I can still remember the last time I got excited over New Years. There was still an amount of spark within me that hadn’t been killed yet. I’d scold my husband for his lack of festive spirit.
Back then, there were no grand fireworks festivals, so I’d sit at home waiting for the clock to strike twelve and hear erratic fireworks here and there. The weather was too cold to plan for great outings. Some restaurants had small parties, but the overall unpredictable atmosphere of Gaza wasn’t encouraging for a person to go out. I felt safer being home, or so I thought.
Over the years, my sense of time changed dramatically. A year whizzed by too quickly for my mind to process. The number of events that took place over my country and my besieged city were too intense. One Israeli attack after the other. People killed in dozens and hundreds. The first major attack I witnessed in my adulthood coincided with the new year in 2009. It was a bloodbath that lasted for eighteen days and claimed the lives of 1400 Palestinians including 300 children and 115 women.
The intensity of the siege held a tight grip on our lives. I became numb to many forms of happy occasions. Weddings took place because life had to go on. Kids went to school because life had to go on. People went to work, universities opened, conferences were held—all which gave life an amount of normalcy. My people have unfaltering steadfastness, I know this for a fact. They suffer, but go on. Their loved ones get killed, but they rise from beneath the rubble. They realize the only choice worth living for is: not yielding in the face of the oppressor, the occupier and killer.
The siege took hold of our lives in dystopian ways which I find hard to revisit at the moment because I’ve talked about this immensely before. My struggle of living under siege is like my people, but there’s an aspect that I can feel too poignantly: claustrophobia.
The Gaza Strip population has already hit 2.1million. The whole of Gaza city is characterized by high-rises forming complex compounds of suffocating structures. While an apartment can provide a decent life for a family, it fails to give a psychological stability due to the feeling of entrapment and the blocking of light and natural views. Every day, more houses are knocked down to make way for new buildings. An anarchy of cement structures reigns over the city.
The Mediterranean Sea gives us a momentary relief and escape. It’s something that the occupier can’t steal from us. True they conquer the sea, shoot at fishers and restrict their movement. True their warplanes launch missiles at kids playing on the beach like they did in 2014 when they killed the Bakir boys… but at least we have a horizon to contemplate.
Although I may sound like a child whining over and over, I have to say that it’s not my intention to keep repeating things. I consciously keep talking about what my people’s lives under siege. I keep repeating words like killing, Israeli attacks, undrinkable water, polluted air, restrictions of movement, denial of treatment, bombardment of homes. I reiterate because this is the daily reality we live under.

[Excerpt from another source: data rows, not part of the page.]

lemma Top_adj_fixpoint_zero:
  assumes "\<And>i. D i = L D i"
  shows "D i = 0"
proof -
  have "L D = D" using assms by (simp add: fun_eq_iff)
  then have Dt: "(L ^^ t) D = D" for t by (induction t) simp_all
  have "D i $ b $ a = 0" for a b
  proof -
    let ?m = "\<Sum>i\<in>UNIV. \<Sum>a\<in>UNIV. \<Sum>b\<in>UNIV. \<bar>D i $ a $ b\<bar>"
    have "(\<lambda>t. ?m * c * \<rho> ^ t) \<longlonglongrightarrow> ?m * c * 0"
      using \<rho>_nonneg \<rho>_less_1 by (intro tendsto_mult tendsto_const LIMSEQ_power_zero) simp
    then have "\<bar>D i $ b $ a\<bar> \<le> 0"
      using Top_adj_power_entry_bound[of _ D i b a] by (intro LIMSEQ_le_const) (auto simp: Dt)
    then show ?thesis by simp
  qed
  then show ?thesis by (simp add: vec_eq_iff)
qed

lemma Top_suminf:
  assumes "\<And>i. summable (\<lambda>t. F t i)"
  shows "T (\<lambda>i. \<Sum>t. F t i) j = (\<Sum>t. T (F t) j)"
proof -
  let ?G = "Gam A B K"
  let ?f = "\<lambda>i X. p i j *\<^sub>R (?G i ** X ** transpose (?G i))"
  have lin: "bounded_linear (?f i)" for i
    by (rule bounded_linear_compose[OF bounded_linear_scaleR_right bounded_linear_congruence])
  have "T (\<lambda>i. \<Sum>t. F t i) j = (\<Sum>i\<in>UNIV. \<Sum>t. ?f i (F t i))"
    unfolding Top_def by (intro sum.cong refl bounded_linear.suminf[OF lin assms])
  also have "\<dots> = (\<Sum>t. \<Sum>i\<in>UNIV. ?f i (F t i))"
    by (intro suminf_sum[symmetric] bounded_linear.summable[OF lin assms])
  finally show ?thesis by (simp add: Top_def)
qed

lemma Top_adj_suminf:
  assumes "\<And>i. summable (\<lambda>t. F t i)"
  shows "L (\<lambda>i. \<Sum>t. F t i) j = (\<Sum>t. L (F t) j)"
proof -
  let ?G = "Gam A B K"
  have lin: "bounded_linear ((*\<^sub>R) (p j i) :: real^'d^'d \<Rightarrow> _)" for i
    by (rule bounded_linear_scaleR_right)
  have E: "Eop p (\<lambda>i. \<Sum>t. F t i) j = (\<Sum>t. Eop p (F t) j)"
  proof -
    have "Eop p (\<lambda>i. \<Sum>t. F t i) j = (\<Sum>i\<in>UNIV. \<Sum>t. p j i *\<^sub>R F t i)"
      unfolding Eop_def by (intro sum.cong refl bounded_linear.suminf[OF lin assms])
    also have "\<dots> = (\<Sum>t. \<Sum>i\<in>UNIV. p j i *\<^sub>R F t i)"
      by (intro suminf_sum[symmetric] bounded_linear.summable[OF lin assms])
    finally show ?thesis by (simp add: Eop_def)
  qed
  have "summable (\<lambda>t. Eop p (F t) j)"
    unfolding Eop_def by (intro summable_sum bounded_linear.summable[OF lin assms])
  then have "transpose (?G j) ** (\<Sum>t. Eop p (F t) j) ** ?G j = (\<Sum>t. transpose (?G j) ** Eop p (F t) j ** ?G j)"
    by (rule bounded_linear.suminf[OF bounded_linear_congruence])
  then show ?thesis by (simp add: Top_adj_def E)
qed

lemma Top_Top_series: "T (Top_series A B p K V) j = Top_series A B p K V j - V j"
proof -
  have "T (Top_series A B p K V) j = (\<Sum>t. (T ^^ Suc t) V j)"
    unfolding Top_series_def by (simp add: Top_suminf summable_Top_power)
  also have "\<dots> = Top_series A B p K V j - V j"
    unfolding Top_series_def using suminf_split_head[OF summable_Top_power[of V j]] by simp
  finally show ?thesis .
qed

lemma Top_adj_series_eq: "Top_adj_series A B p K M i = M i + L (Top_adj_series A B p K M) i"
proof -
  have "L (Top_adj_series A B p K M) i = (\<Sum>t. (L ^^ Suc t) M i)"
    unfolding Top_adj_series_def by (simp add: Top_adj_suminf summable_Top_adj_power)
  also have "\<dots> = Top_adj_series A B p K M i - M i"
    unfolding Top_adj_series_def using suminf_split_head[OF summable_Top_adj_power[of M i]] by simp
  finally show ?thesis by simp
qed
(* Let $P=\{p_1,\dots,p_n\}$ be weighted points in $\mathbb{R}^2$ with total weight $1$, let $S=\{s_1,\dots,s_m\}$ be triangles in $\mathbb{R}^2$ of total area $1$ with longest edge length $\Delta$, and let $0<\delta\le\frac{1}{2\pi}$. Let $\tau$ be the transport plan produced by the construction described in the context and $\tau^*$ an optimal transport plan between $P$ and $S$. Then $\|\tau\|\le(1+9\delta)\|\tau^*\|$.
   Context: Each triangle's mass equals its area and is spread uniformly over it (all triangles have density one; overlapping triangles add densities). A transport plan from $P$ to $S$ moves from each $p$ its weight $\|p\|$ and delivers to the triangles exactly their mass distribution; its cost $\|\tau\|$ is the integral of (mass moved) times Euclidean distance; $\|\tau^*\|$ is the minimum cost (earth mover's distance). Construction: (1) Overlay a uniform grid of $\Delta\times\Delta$ square cells and keep the cells intersecting some triangle. (2) Recursively process each cell: if there is a point of $P$ such that the whole cell lies within Euclidean distance $\delta/\sqrt{nm}$ of it, stop; otherwise, if for some point of $P$ the ratio of the distances to the furthest and the closest point of the cell exceeds $1+\delta$, split the cell into four equal squares and recurse; otherwise stop. Let $Q$ be the resulting cells, each recording the total area of triangles within it. (3) In each cell $q\in Q$ pick an arbitrary point with weight equal to the total area of triangles contained in $q$; call this weighted set $T$. (4) Compute an optimal transport plan $\nu$ between $P$ and $T$. (5) Obtain $\tau$ by spreading the mass sent by $\nu$ to each $t\in T$ uniformly over the parts of the triangles lying in the cell from which $t$ was chosen. *)

theory Defs
  imports "HOL-Analysis.Analysis"
begin

type_synonym pt = "real \<times> real"

text \<open>A cell is encoded by its lower-left corner and its side length.
  The cell itself is the half-open square (cells of one level partition the plane);
  its closure is the closed square.\<close>

definition sq :: "pt \<Rightarrow> real \<Rightarrow> pt set" where
  "sq a l = {fst a ..< fst a + l} \<times> {snd a ..< snd a + l}"

definition csq :: "pt \<Rightarrow> real \<Rightarrow> pt set" where
  "csq a l = {fst a .. fst a + l} \<times> {snd a .. snd a + l}"

definition tri :: "pt \<Rightarrow> pt \<Rightarrow> pt \<Rightarrow> pt set" where
  "tri u v w = convex hull {u, v, w}"

definition tri_dens :: "nat \<Rightarrow> (nat \<Rightarrow> pt) \<Rightarrow> (nat \<Rightarrow> pt) \<Rightarrow> (nat \<Rightarrow> pt) \<Rightarrow> pt \<Rightarrow> real" where
  "tri_dens m a b c x = (\<Sum>j<m. indicator (tri (a j) (b j) (c j)) x)"

definition tri_union :: "nat \<Rightarrow> (nat \<Rightarrow> pt) \<Rightarrow> (nat \<Rightarrow> pt) \<Rightarrow> (nat \<Rightarrow> pt) \<Rightarrow> pt set" where
  "tri_union m a b c = (\<Union>j<m. tri (a j) (b j) (c j))"

definition cell_mass :: "nat \<Rightarrow> (nat \<Rightarrow> pt) \<Rightarrow> (nat \<Rightarrow> pt) \<Rightarrow> (nat \<Rightarrow> pt) \<Rightarrow> pt \<times> real \<Rightarrow> real" where
  "cell_mass m a b c q = (\<Sum>j<m. measure lborel (tri (a j) (b j) (c j) \<inter> sq (fst q) (snd q)))"

definition longest_edge :: "nat \<Rightarrow> (nat \<Rightarrow> pt) \<Rightarrow> (nat \<Rightarrow> pt) \<Rightarrow> (nat \<Rightarrow> pt) \<Rightarrow> real" where
  "longest_edge m a b c =
     Max (\<Union>j<m. {dist (a j) (b j), dist (b j) (c j), dist (c j) (a j)})"
(* Let $T_+$, $T_-$, $T_0$ be ordered (classical or virtual) tangle diagrams which coincide, including the orderings of their endpoints, outside a small disk, inside which $T_+$ consists of a positive crossing of two oriented arcs, $T_-$ of a negative crossing of the same two oriented arcs, and $T_0$ of the orientation-respecting smoothing of that crossing. Then $$\nabla(T_+)-\nabla(T_-)=z\,\nabla(T_0).$$
   Context: An $n$-tangle ($n\ge 1$) is a collection of $n$ disjoint oriented intervals ("strings") and finitely many oriented circles ("closed components") properly embedded in the 3-ball with string endpoints at $2n$ prescribed boundary points, represented by diagrams; virtual diagrams may also contain virtual crossings. For a string, its source is its input and its target its output. A tangle with $n$ strings is ordered if its $2n$ endpoints are numbered by integers $j_1<\dots<j_{2n}$ (up to monotone relabeling) so that every input receives some $j_{2k-1}$ and every output some $j_{2k}$; the ordering is coherent if for each $k$ the string with input $j_{2k-1}$ has output $j_{2k}$. For an ordered tangle diagram $D$: a state $S$ is a set of classical crossings; $D(S)$ is obtained by smoothing each crossing of $S$ respecting orientations and inherits the endpoint numbering. $S$ is coherent if $D(S)$ has no closed components and its ordering is coherent. For coherent $S$, traverse $D(S)$ along the string from $j_1$ to $j_2$, then the string from $j_3$ to $j_4$, etc.; the neighborhood of each smoothed crossing is passed twice, and $S$ is descending if for each crossing of $S$ its neighborhood is first entered along the former overpass. $\operatorname{sign}(S)$ is the product of local writhes of the crossings of $S$. Define $c_n(D)=\sum\operatorname{sign}(S)$ over descending states with $n$ crossings and $\nabla(D)=\sum_{n\ge0}c_n(D)z^n\in\mathbb Z[z]$; this is an invariant of ordered tangles. *)

theory Defs
  imports "HOL-Computational_Algebra.Polynomial"
begin

text \<open>Combinatorial (Gauss-diagram) model of ordered (virtual) tangle diagrams.
If \<open>c\<close> is a classical crossing, \<open>Pass c True\<close> is its over-passage and
\<open>Pass c False\<close> its under-passage; internal points with \<open>c\<close> not a crossing
are plain subdivision points (needed e.g. to represent crossingless circles).
Endpoints are numbered 0..2n-1 (normalised up to monotone relabelling): inputs carry
the even labels 2k and outputs the odd labels 2k+1.  The map \<open>nxt\<close> sends every
input or internal point to the next node along the oriented diagram.  Virtual
crossings are invisible in this model.\<close>

datatype node = In nat | Out nat | Pass nat bool

record tangle =
  nstr :: nat
  verts :: "node set"
  cr :: "nat set"
  sgn :: "nat \<Rightarrow> int"
  nxt :: "node \<Rightarrow> node"

definition inputs :: "tangle \<Rightarrow> node set" where
  "inputs D = {In (2*k) | k. k < nstr D}"

definition outputs :: "tangle \<Rightarrow> node set" where
  "outputs D = {Out (2*k+1) | k. k < nstr D}"

definition wf_tangle :: "tangle \<Rightarrow> bool" where
  "wf_tangle D \<longleftrightarrow> nstr D \<ge> 1 \<and> finite (verts D) \<and> finite (cr D)
     \<and> (\<forall>v\<in>verts D. \<exists>c b. v = Pass c b)
     \<and> (\<forall>c\<in>cr D. Pass c True \<in> verts D \<and> Pass c False \<in> verts D)
     \<and> (\<forall>c\<in>cr D. sgn D c = 1 \<or> sgn D c = -1)
     \<and> bij_betw (nxt D) (inputs D \<union> verts D) (verts D \<union> outputs D)"

fun swp :: "nat set \<Rightarrow> node \<Rightarrow> node" where
  "swp S (Pass c b) = (if c \<in> S then Pass c (\<not> b) else Pass c b)"
| "swp S x = x"

text \<open>Successor map of the smoothed diagram \<open>D(S)\<close> (orientation-respecting smoothing:
the incoming over-strand continues along the outgoing under-strand and vice versa).
The neighbourhood of a smoothed crossing \<open>c\<close> is passed at node \<open>Pass c True\<close> when it
is entered along the former overpass, and at \<open>Pass c False\<close> otherwise.\<close>
definition snxt :: "tangle \<Rightarrow> nat set \<Rightarrow> node \<Rightarrow> node" where
  "snxt D S = nxt D \<circ> swp S"

definition steps :: "tangle \<Rightarrow> nat set \<Rightarrow> nat \<Rightarrow> nat \<Rightarrow> node" where
  "steps D S k i = (snxt D S ^^ i) (In (2*k))"

definition on_string :: "tangle \<Rightarrow> nat set \<Rightarrow> nat \<Rightarrow> nat \<Rightarrow> bool" where
  "on_string D S k i \<longleftrightarrow> k < nstr D \<and> (\<forall>j\<le>i. steps D S k j \<notin> outputs D)"

definition coherent_state :: "tangle \<Rightarrow> nat set \<Rightarrow> bool" where
  "coherent_state D S \<longleftrightarrow> S \<subseteq> cr D
     \<and> (\<forall>k < nstr D. \<exists>m. steps D S k m = Out (2*k+1))
     \<and> (\<forall>v\<in>verts D. \<exists>k i. on_string D S k i \<and> steps D S k i = v)"

definition descending_state :: "tangle \<Rightarrow> nat set \<Rightarrow> bool" where
  "descending_state D S \<longleftrightarrow> coherent_state D S \<and>
     (\<forall>c\<in>S. \<exists>k1 i1 k2 i2.
        on_string D S k1 i1 \<and> steps D S k1 i1 = Pass c True \<and>
        on_string D S k2 i2 \<and> steps D S k2 i2 = Pass c False \<and>
        (k1 < k2 \<or> (k1 = k2 \<and> i1 < i2)))"

definition cn :: "tangle \<Rightarrow> nat \<Rightarrow> int" where
  "cn D n = (\<Sum>S \<in> {S. S \<subseteq> cr D \<and> card S = n \<and> descending_state D S}. \<Prod>c\<in>S. sgn D c)"

definition nabla :: "tangle \<Rightarrow> int poly" where
  "nabla D = (\<Sum>n \<le> card (cr D). monom (cn D n) n)"

text \<open>Crossing change at \<open>c\<close>: the two passages are exchanged (the arc that went over
now goes under) and the local writhe changes sign; all else unchanged.\<close>
definition crossing_change :: "tangle \<Rightarrow> nat \<Rightarrow> tangle" where
  "crossing_change D c = D\<lparr> sgn := (sgn D)(c := - sgn D c),
                            nxt := swp {c} \<circ> nxt D \<circ> swp {c} \<rparr>"

text \<open>Oriented smoothing at \<open>c\<close>: \<open>c\<close> stops being a crossing (its two passages become
plain points) and the strands are reconnected.\<close>
definition smoothing :: "tangle \<Rightarrow> nat \<Rightarrow> tangle" where
  "smoothing D c = D\<lparr> cr := cr D - {c}, nxt := nxt D \<circ> swp {c} \<rparr>"

end

theory Submission
  imports Defs
begin

text \<open>A state \<open>S\<close> has the same smoothed diagram in \<open>T\<^sub>+\<close> and in \<open>T\<^sub>-\<close>: the crossing change only
exchanges the names of the two passages of \<open>c\<close>. Hence coherence and the descending condition
at every crossing other than \<open>c\<close> agree for both diagrams, and states avoiding \<open>c\<close> cancel.
For a coherent state containing \<open>c\<close>, the traversal meets the two passages of \<open>c\<close> in one
order, so \<open>S\<close> is descending at \<open>c\<close> in exactly one of \<open>T\<^sub>+\<close>, \<open>T\<^sub>-\<close>, where the writhe of \<open>c\<close> is
\<open>+1\<close> resp. \<open>-1\<close>; such a state contributes the sign of \<open>S - {c}\<close> to the difference.
Finally, the state \<open>S - {c}\<close> smooths \<open>T\<^sub>0\<close> to the same diagram as \<open>S\<close> smooths \<open>T\<^sub>+\<close>, which gives \<open>c\<^sub>n(T\<^sub>+) - c\<^sub>n(T\<^sub>-) = c\<^sub>n\<^sub>-\<^sub>1(T\<^sub>0)\<close>.\<close>

lemma swp_swp [simp]: "swp S (swp S x) = x"
  by (cases x) auto

lemma swp_commute: "swp S (swp S' x) = swp S' (swp S x)"
  by (cases x) auto

lemma swp_singleton_swp: "c \<notin> S \<Longrightarrow> swp {c} (swp S x) = swp (insert c S) x"
  by (cases x) auto

lemma swp_in_outputs_iff [simp]: "swp S x \<in> outputs D \<longleftrightarrow> x \<in> outputs D"
  by (cases x) (auto simp: outputs_def)

lemma swp_eq_Out_iff [simp]: "swp S x = Out n \<longleftrightarrow> x = Out n"
  by (cases x) auto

It’s a daily struggle to decide to continue living. It’s a daily struggle to keep believing that the morning light will overtake the darkness. It’s a momentum feat to raise our kids under lacking of a decent life. In a place where they only read about the rest of Palestine in books. They see news of more day-to-day murders of fellow Palestinians in Jenin, Nablus, and Jerusalem. A picture forms in their heads that the other parts of our country aren’t safer than the one we’re living in. They become distraught and confused and trapped into this claustrophobic bubble and anticipate the time when they can make the decision to leave.